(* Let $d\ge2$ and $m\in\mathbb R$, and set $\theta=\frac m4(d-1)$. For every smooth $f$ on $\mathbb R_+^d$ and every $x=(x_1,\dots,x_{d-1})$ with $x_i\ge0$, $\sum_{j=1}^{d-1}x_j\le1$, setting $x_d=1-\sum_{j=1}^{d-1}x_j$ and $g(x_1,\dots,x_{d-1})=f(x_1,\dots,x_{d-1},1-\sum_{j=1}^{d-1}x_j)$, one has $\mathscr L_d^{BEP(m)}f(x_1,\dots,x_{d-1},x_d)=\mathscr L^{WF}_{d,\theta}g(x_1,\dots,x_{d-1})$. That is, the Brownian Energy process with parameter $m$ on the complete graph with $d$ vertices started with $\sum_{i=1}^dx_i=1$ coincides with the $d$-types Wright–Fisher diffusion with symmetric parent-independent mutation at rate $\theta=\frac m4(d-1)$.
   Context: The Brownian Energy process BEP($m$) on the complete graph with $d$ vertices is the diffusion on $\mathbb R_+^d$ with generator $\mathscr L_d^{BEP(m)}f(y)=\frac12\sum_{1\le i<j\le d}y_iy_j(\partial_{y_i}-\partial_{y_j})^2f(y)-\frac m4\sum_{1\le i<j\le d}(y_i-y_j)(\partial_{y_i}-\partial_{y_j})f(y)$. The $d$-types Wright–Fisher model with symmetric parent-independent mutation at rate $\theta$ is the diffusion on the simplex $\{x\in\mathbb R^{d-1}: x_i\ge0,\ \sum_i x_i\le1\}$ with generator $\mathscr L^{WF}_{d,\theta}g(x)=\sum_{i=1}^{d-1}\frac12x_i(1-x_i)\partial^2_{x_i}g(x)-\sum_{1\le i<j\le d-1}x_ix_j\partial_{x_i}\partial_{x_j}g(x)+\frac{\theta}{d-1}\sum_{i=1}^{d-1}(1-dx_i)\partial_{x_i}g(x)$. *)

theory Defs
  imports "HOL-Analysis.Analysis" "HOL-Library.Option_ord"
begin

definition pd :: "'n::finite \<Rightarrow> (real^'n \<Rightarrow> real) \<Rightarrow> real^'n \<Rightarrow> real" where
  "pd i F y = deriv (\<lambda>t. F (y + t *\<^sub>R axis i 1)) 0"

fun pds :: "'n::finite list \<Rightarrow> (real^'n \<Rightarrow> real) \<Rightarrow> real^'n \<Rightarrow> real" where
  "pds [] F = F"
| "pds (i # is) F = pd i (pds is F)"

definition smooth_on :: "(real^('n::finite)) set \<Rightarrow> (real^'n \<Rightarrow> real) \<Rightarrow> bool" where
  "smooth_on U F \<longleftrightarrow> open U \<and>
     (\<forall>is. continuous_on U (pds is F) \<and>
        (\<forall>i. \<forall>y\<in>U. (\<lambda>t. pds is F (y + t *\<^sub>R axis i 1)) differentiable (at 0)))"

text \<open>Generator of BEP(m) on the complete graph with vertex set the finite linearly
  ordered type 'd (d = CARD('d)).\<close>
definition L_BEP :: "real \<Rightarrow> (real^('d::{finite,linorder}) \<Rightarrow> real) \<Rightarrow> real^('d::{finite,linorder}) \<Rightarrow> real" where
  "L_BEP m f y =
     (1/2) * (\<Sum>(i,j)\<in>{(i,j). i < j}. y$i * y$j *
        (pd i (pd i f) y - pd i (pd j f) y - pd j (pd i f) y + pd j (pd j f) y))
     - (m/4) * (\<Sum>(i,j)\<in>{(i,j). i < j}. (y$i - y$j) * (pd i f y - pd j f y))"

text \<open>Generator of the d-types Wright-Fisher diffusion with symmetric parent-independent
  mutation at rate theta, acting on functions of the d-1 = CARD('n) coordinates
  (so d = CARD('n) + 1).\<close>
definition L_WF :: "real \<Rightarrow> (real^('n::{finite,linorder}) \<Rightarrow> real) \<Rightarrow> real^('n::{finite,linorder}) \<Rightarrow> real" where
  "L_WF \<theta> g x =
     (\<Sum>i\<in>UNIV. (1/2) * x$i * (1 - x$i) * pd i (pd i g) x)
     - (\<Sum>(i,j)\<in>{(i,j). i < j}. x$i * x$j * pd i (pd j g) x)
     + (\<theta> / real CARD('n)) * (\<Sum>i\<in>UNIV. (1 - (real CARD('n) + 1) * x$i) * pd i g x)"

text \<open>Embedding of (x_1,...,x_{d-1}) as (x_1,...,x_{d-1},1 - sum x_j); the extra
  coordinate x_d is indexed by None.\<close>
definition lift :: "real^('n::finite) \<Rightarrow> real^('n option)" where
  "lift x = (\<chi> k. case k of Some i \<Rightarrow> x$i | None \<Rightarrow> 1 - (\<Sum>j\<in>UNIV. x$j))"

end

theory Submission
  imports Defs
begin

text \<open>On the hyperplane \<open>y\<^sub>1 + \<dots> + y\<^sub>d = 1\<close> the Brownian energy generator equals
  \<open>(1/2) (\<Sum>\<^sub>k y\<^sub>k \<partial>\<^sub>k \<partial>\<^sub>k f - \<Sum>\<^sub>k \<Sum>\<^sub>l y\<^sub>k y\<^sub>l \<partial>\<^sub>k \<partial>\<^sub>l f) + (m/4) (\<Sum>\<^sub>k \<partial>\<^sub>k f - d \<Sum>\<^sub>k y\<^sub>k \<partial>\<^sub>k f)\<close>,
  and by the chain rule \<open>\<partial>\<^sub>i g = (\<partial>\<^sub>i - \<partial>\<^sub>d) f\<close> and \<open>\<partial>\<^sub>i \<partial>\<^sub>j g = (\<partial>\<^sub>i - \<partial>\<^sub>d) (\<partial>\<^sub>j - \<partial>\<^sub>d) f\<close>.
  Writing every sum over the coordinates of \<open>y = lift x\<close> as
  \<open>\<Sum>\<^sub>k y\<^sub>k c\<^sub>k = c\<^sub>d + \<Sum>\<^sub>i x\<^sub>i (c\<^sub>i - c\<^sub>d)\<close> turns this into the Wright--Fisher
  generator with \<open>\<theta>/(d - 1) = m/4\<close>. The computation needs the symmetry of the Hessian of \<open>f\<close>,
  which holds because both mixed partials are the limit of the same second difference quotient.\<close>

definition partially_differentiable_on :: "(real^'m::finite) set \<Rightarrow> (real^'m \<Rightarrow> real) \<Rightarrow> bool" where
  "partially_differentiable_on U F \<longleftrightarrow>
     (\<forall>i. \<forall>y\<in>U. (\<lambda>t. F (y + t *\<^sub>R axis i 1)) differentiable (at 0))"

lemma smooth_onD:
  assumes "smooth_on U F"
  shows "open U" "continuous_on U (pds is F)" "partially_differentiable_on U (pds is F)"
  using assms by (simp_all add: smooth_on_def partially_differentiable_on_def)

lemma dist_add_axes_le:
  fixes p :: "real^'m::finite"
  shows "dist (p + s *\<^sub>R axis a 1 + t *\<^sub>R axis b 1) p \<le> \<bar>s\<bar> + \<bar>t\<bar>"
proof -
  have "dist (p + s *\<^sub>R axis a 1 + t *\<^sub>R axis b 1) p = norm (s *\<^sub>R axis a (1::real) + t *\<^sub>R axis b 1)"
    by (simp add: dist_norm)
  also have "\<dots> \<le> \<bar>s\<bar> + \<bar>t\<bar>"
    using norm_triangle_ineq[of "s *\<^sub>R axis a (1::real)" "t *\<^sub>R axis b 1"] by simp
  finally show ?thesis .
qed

_ _ _ _ _ _ _

• _WORK TO BE COMPLETED_:
Restate word for word the lines in the material above from the one with "(\<chi> k. case" to the one with "text \<open>On the"; both of those lines count, and nothing else does.

• _SOLUTION TO THIS TASK_:
  "lift x = (\<chi> k. case k of Some i \<Rightarrow> x$i | None \<Rightarrow> 1 - (\<Sum>j\<in>UNIV. x$j))"

end

theory Submission
  imports Defs
begin

text \<open>On the hyperplane \<open>y\<^sub>1 + \<dots> + y\<^sub>d = 1\<close> the Brownian energy generator equals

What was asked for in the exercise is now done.